Gli italiani provano sentimenti genericamente positivi e solidali verso i disabili, ma quando entrano in contatto con loro provano spesso disagio, a volte ansia. Solo il 51% dichiara di sentirsi tranquillo, perché è abituato alla vicinanza. Tuttavia, il 54% è impaurito dalla prospettiva di potersi trovare in quella condizione, o che capiti ad un proprio familiare. Inoltre, più di un terzo degli italiani ha paura di non sapersi comportare bene vicino ad un disabile, di ferirlo con le proprie parole o i propri atteggiamenti. Certo, coloro che si dicono indifferenti al problema sono pochi (il 15%), ma comunque emerge una sfera di disagio e distanza di proporzioni molto rilevanti. Va considerato che in un’altra indagine, svolta nel 2015 da Vox, l’Osservatorio Italiano sui Diritti, in collaborazione con tre Università (di Milano, Roma e Bari), il 25% dei rispondenti ha dichiarato di non aver mai avuto rapporti diretti con un disabile.
– La distanza sociale e la disinformazione possono essere una base per comportamenti ostili o anche solo intolleranti?
Certo. Una rilevazione svolta da Telefono Azzurro con 5.000 interviste nella scuola secondaria di primo e secondo grado nel 2013, ad esempio, ha posto in evidenza che molte delle vittime di bullismo vengono prese di mira per le proprie difficoltà fisiche o disabilità. Qualche anno fa, un’indagine Istat suscitò giustamente molto clamore perché rivelò che quasi un terzo (31%) delle donne italiane era stato oggetto di violenza almeno una volta nel corso della propria vita. Ma fra le donne disabili questa percentuale saliva al 37%. E se fra le italiane nel loro insieme i tentativi di stupro riguardavano il 5%, fra le disabili questa quota era del 10%, giusto il doppio.

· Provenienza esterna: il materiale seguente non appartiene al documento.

lemma matrix_inv_Cauchy_Schwarz:
  fixes A :: "real^'n^'n"
  assumes sym: "transpose A = A" and lo: "0 < lo"
    and eig: "\<And>c. is_eigenvalue A c \<Longrightarrow> lo < c \<and> c < hi"
  shows "(u \<bullet> (matrix_inv A *v v))\<^sup>2 \<le> (u \<bullet> (matrix_inv A *v u)) * (v \<bullet> (matrix_inv A *v v))"
  using quadratic_form_Cauchy_Schwarz[OF matrix_inv_eigenvalue_bounds(2)[OF sym lo eig]
      matrix_inv_quadratic_form_bounds(1)[OF sym lo eig]] .

lemma det_matrix_inv_form_comparison:
  fixes A B :: "real^'n^'n"
  assumes symA: "transpose A = A" and symB: "transpose B = B" and lo: "0 < lo"
    and eigA: "\<And>c. is_eigenvalue A c \<Longrightarrow> lo < c \<and> c < hi"
    and eigB: "\<And>c. is_eigenvalue B c \<Longrightarrow> lo < c \<and> c < hi" and x: "x \<noteq> 0"
  shows "det A * (x \<bullet> (matrix_inv A *v x))
           < (hi / lo) ^ (CARD('n) + 1) * (det B * (x \<bullet> (matrix_inv B *v x)))"
proof -
  let ?n = "CARD('n)" and ?s = "x \<bullet> x"
  obtain c where "is_eigenvalue A c" using symmetric_matrix_has_eigenvalue[OF symA] ..
  then have hi: "0 < hi" using eigA lo by fastforce
  have s: "0 < ?s" using x by simp
  have "lo ^ ?n < det B" using eigenvalue_bounds_det[OF symB _ eigB] lo by simp
  moreover have "0 < lo ^ ?n" using lo by simp
  ultimately have dB: "0 < det B" by linarith
  have "det A * (x \<bullet> (matrix_inv A *v x)) < hi ^ ?n * (?s / lo)"
    using eigenvalue_bounds_det[OF symA _ eigA] matrix_inv_quadratic_form_bounds[OF symA lo eigA x] lo hi
    by (intro mult_strict_mono) auto
  also have "\<dots> = (hi / lo) ^ (?n + 1) * (lo ^ ?n * (?s / hi))"
    using lo hi by (simp add: power_divide field_simps)
  also have "\<dots> < (hi / lo) ^ (?n + 1) * (det B * (x \<bullet> (matrix_inv B *v x)))"
    using eigenvalue_bounds_det[OF symB _ eigB] matrix_inv_quadratic_form_bounds[OF symB lo eigB x]
      dB lo hi s
    by (intro mult_strict_left_mono mult_strict_mono) auto
  finally show ?thesis .
qed

text \<open>AM-GM gives \<open>(a + b) \<surd>(k m n) \<le> g m + h n\<close>, which dominates the cross terms.\<close>
lemma cross_terms_dominated:
  fixes g h a b m m' n n' k :: real
  assumes g: "0 < g" and h: "0 < h" and a: "0 \<le> a" and b: "0 \<le> b" and k: "0 < k"
    and gh: "k * (a + b)\<^sup>2 \<le> 4 * g * h" and m: "0 < m" and n: "0 < n"
    and m': "m'\<^sup>2 < k * m * n" and n': "n'\<^sup>2 < k * m * n"
  shows "0 < g * m + a * m' + b * n' + h * n"
proof -
  define T where "T = sqrt (k * m * n)"
  have kmn: "0 < k * m * n" using k m n by simp
  have TT: "T\<^sup>2 = k * m * n" using kmn by (simp add: T_def)
  have m'T: "\<bar>m'\<bar> < T" and n'T: "\<bar>n'\<bar> < T"
    unfolding T_def using m' n' by (metis real_sqrt_abs real_sqrt_less_mono)+
  have "((a + b) * T)\<^sup>2 = k * (a + b)\<^sup>2 * (m * n)"
    by (simp only: power_mult_distrib TT) (simp add: algebra_simps)
  also have "\<dots> \<le> 4 * g * h * (m * n)" using gh m n by (intro mult_right_mono) simp_all
  also have "\<dots> \<le> (g * m + h * n)\<^sup>2"
  proof -
    have "(g * m + h * n)\<^sup>2 = (g * m - h * n)\<^sup>2 + 4 * g * h * (m * n)"
      by (simp add: power2_eq_square algebra_simps)
    then show ?thesis using zero_le_power2[of "g * m - h * n"] by linarith
  qed
  finally have "(a + b) * T \<le> g * m + h * n"
    by (rule power2_le_imp_le) (use g h m n in simp)
  moreover have "- (a * m') \<le> a * \<bar>m'\<bar>"
    using abs_ge_minus_self[of "a * m'"] a by (simp add: abs_mult)
  moreover have "- (b * n') \<le> b * \<bar>n'\<bar>"
    using abs_ge_minus_self[of "b * n'"] b by (simp add: abs_mult)
  moreover have "0 < g * m" "0 < h * n" using g h m n by simp_all
  moreover have "a * \<bar>m'\<bar> + b * \<bar>n'\<bar> < (a + b) * T \<or> a = 0 \<and> b = 0"
  proof (cases "a = 0 \<and> b = 0")
    case False
    have "a * \<bar>m'\<bar> \<le> a * T" "b * \<bar>n'\<bar> \<le> b * T"
      using m'T n'T a b by (simp_all add: mult_left_mono)
    moreover have "a * \<bar>m'\<bar> < a * T \<or> b * \<bar>n'\<bar> < b * T"
      using False m'T n'T a b by (cases "0 < a") simp_all
    ultimately show ?thesis by (simp add: distrib_right) linarith
  qed simp
  ultimately show ?thesis by auto
qed

lemma inverse_forms_combination_pos:
  fixes A B :: "real^'n^'n" and x y :: "real^'n"
  assumes symA: "transpose A = A" and symB: "transpose B = B" and lo: "0 < lo"
    and eigA: "\<And>c. is_eigenvalue A c \<Longrightarrow> lo < c \<and> c < hi"
    and eigB: "\<And>c. is_eigenvalue B c \<Longrightarrow> lo < c \<and> c < hi"
    and g: "0 < g" and h: "0 < h" and a: "0 \<le> a" and b: "0 \<le> b"
    and gh: "(hi / lo) ^ (CARD('n) + 1) * (a + b)\<^sup>2 \<le> 4 * g * h"
    and nz: "x \<noteq> 0 \<or> y \<noteq> 0"
  shows "0 < g * det A * (x \<bullet> (matrix_inv A *v x)) + a * det A * (y \<bullet> (matrix_inv A *v x))
           + b * det B * (x \<bullet> (matrix_inv B *v y)) + h * det B * (y \<bullet> (matrix_inv B *v y))"
proof -
  let ?k = "(hi / lo) ^ (CARD('n) + 1)"
  have "lo ^ CARD('n) < det A" "lo ^ CARD('n) < det B"
    using eigenvalue_bounds_det[OF symA _ eigA] eigenvalue_bounds_det[OF symB _ eigB] lo by simp_all
  with zero_less_power[OF lo, of "CARD('n)"] have dA: "0 < det A" and dB: "0 < det B"
    by linarith+
  have posA: "0 < z \<bullet> (matrix_inv A *v z)" and posB: "0 < z \<bullet> (matrix_inv B *v z)"
    if "z \<noteq> 0" for z
    using matrix_inv_quadratic_form_bounds(1)[OF symA lo eigA that]
      matrix_inv_quadratic_form_bounds(1)[OF symB lo eigB that] by simp_all
  obtain c where "is_eigenvalue A c" using symmetric_matrix_has_eigenvalue[OF symA] ..
  then have "0 < hi" using eigA lo by fastforce
  then have k: "0 < ?k" using lo by simp
  consider "y = 0" | "x = 0" | "x \<noteq> 0" "y \<noteq> 0" by blast
  then show ?thesis
  proof cases
    case 1
    then show ?thesis using nz g dA posA[of x] by simp
  next
    case 2
    then show ?thesis using nz h dB posB[of y] by simp
  next
    case 3
    define m where "m = det A * (x \<bullet> (matrix_inv A *v x))"
    define m' where "m' = det A * (y \<bullet> (matrix_inv A *v x))"
    define n where "n = det B * (y \<bullet> (matrix_inv B *v y))"
    define n' where "n' = det B * (x \<bullet> (matrix_inv B *v y))"
    have m: "0 < m" and n: "0 < n" using dA dB posA[OF 3(1)] posB[OF 3(2)] by (simp_all add: m_def n_def)
    have "m'\<^sup>2 \<le> (det A * (y \<bullet> (matrix_inv A *v y))) * m"
      unfolding m'_def m_def using matrix_inv_Cauchy_Schwarz[OF symA lo eigA, of y x] dA
      by (simp add: power_mult_distrib power2_eq_square mult_left_mono algebra_simps)
    also have "\<dots> < ?k * n * m"
      using det_matrix_inv_form_comparison[OF symA symB lo eigA eigB 3(2)] m
      by (intro mult_strict_right_mono) (simp_all add: n_def)
    finally have m': "m'\<^sup>2 < ?k * m * n" by (simp add: ac_simps)
    have "n'\<^sup>2 \<le> (det B * (x \<bullet> (matrix_inv B *v x))) * n"
      unfolding n'_def n_def using matrix_inv_Cauchy_Schwarz[OF symB lo eigB, of x y] dB
      by (simp add: power_mult_distrib power2_eq_square mult_left_mono algebra_simps)
    also have "\<dots> < ?k * m * n"
      using det_matrix_inv_form_comparison[OF symB symA lo eigB eigA 3(1)] n
      by (intro mult_strict_right_mono) (simp_all add: m_def)
    finally have n': "n'\<^sup>2 < ?k * m * n" .
    have "0 < g * m + a * m' + b * n' + h * n"
      by (rule cross_terms_dominated[OF g h a b k gh m n m' n'])
    then show ?thesis by (simp add: m_def m'_def n_def n'_def mult.assoc)
  qed
qed

lemma AE_in_measure_support:
  fixes M :: "'a::{metric_space, second_countable_topology} measure"
  assumes sets: "sets M = sets borel"
  shows "AE x in M. x \<in> measure_support M"
proof -
  define F where "F = {ball x e | x e. e > 0 \<and> emeasure M (ball x e) = 0}"
  obtain F' where F': "F' \<subseteq> F" "countable F'" "\<Union>F' = \<Union>F"
    using Lindelof[of F] by (auto simp: F_def)
  have "\<Union>F' \<in> null_sets M"
  proof (rule null_sets_UN'[OF F'(2), of id, simplified])
    fix B assume "B \<in> F'"
    then obtain x e where "B = ball x e" "emeasure M (ball x e) = 0" using F' by (auto simp: F_def)
    then show "B \<in> null_sets M" using sets by (simp add: null_sets_def)
  qed
  moreover have "- measure_support M \<subseteq> \<Union>F"
    by (force simp: F_def measure_support_def not_less)
  ultimately show ?thesis using F'(3) by (auto intro!: AE_I')
qed

lemma AE_pair_rectangle:
  assumes "sigma_finite_measure M" "sigma_finite_measure N"
    and P: "AE z in M \<Otimes>\<^sub>M N. P z" and XY: "\<And>x y. x \<in> X \<Longrightarrow> y \<in> Y \<Longrightarrow> \<not> P (x, y)"
  shows "(AE x in M. x \<notin> X) \<or> (AE y in N. y \<notin> Y)"
proof (cases "AE x in M. x \<notin> X")
  case False
  interpret pair_sigma_finite M N using assms(1,2) by (rule pair_sigma_finite.intro)
  have "AE x in M. AE y in N. P (x, y)" using AE_pair[OF P] .
  with False obtain x where "x \<in> X" "AE y in N. P (x, y)"
    by (metis (mono_tags, lifting) eventually_mono)
  then have "AE y in N. y \<notin> Y" using XY by (auto elim: eventually_mono)
  then show ?thesis ..
qed simp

– I social network sono un altro ambito in cui l’ostilità e il bullismo verso i disabili possono esprimersi in forma molto virulenta?
È così, anche se la mia opinione è che i social si limitino a rivelare sentimenti ostili che si sono formati nelle relazioni sociali tradizionali e che la comunicazione in rete li renda molto visibili. La ricerca condotta da Vox, che prima citavo, ha analizzato approfonditamente l’espressione di odio e intolleranza su Twitter, tracciando una mappa nazionale (cfr. figura allegata) relativa alla misoginia, al razzismo, all’antisemitismo, all’omofobia e all’intolleranza verso la disabilità. La cosa impressionante di questa rilevazione è che l’intensità delle espressioni contro la disabilità è seconda solo all’intolleranza verso le donne, ben più marcata delle altre tre forme prese in considerazione. L’uso di termini come “spastico”, “mongoloide”, “storpio”, “cerebroleso”, per insultare e aggredire, è diffuso un po’ in tutte le zone d’Italia, sebbene con una certa concentrazione in alcune aree (Lombardia, Campania e fra Abruzzo e Puglia).
– Alcune delle informazioni, anche molto allarmanti, che lei ha rintracciato in rete non sono, come abbiamo già evidenziato, molto recenti. Non è un sintomo di disinteresse del nostro sistema sociale verso la condizione e la qualità di vita dei disabili?
Pur ricordando che queste sono le informazioni disponibili pubblicamente su Internet, e non si può escludere che siano state condotte ma non rese pubbliche altre indagini, temo che sia come lei dice. Credo che sia i dati di condizione (limitazioni, lavoro, barriere, etc.), sia quelli di relazione e percezione (informazione, sentimenti, comportamenti concreti) dovrebbero essere oggetto di un monitoraggio sistematico. I disabili sono oggi più di quattro milioni e quelli gravi, come dicevamo, hanno superato i tre milioni. Sappiamo che in futuro saranno probabilmente di più, perché l’invecchiamento rappresenta una spinta alla crescita del problema. La consapevolezza del problema stesso, che ci può venire solo dalla produzione di informazioni dettagliate e aggiornate e dalla loro massima diffusione – fra gli addetti ai lavori e fra tutti gli italiani – è una condizione ineludibile per intervenire nel miglioramento delle condizioni di vita dei disabili.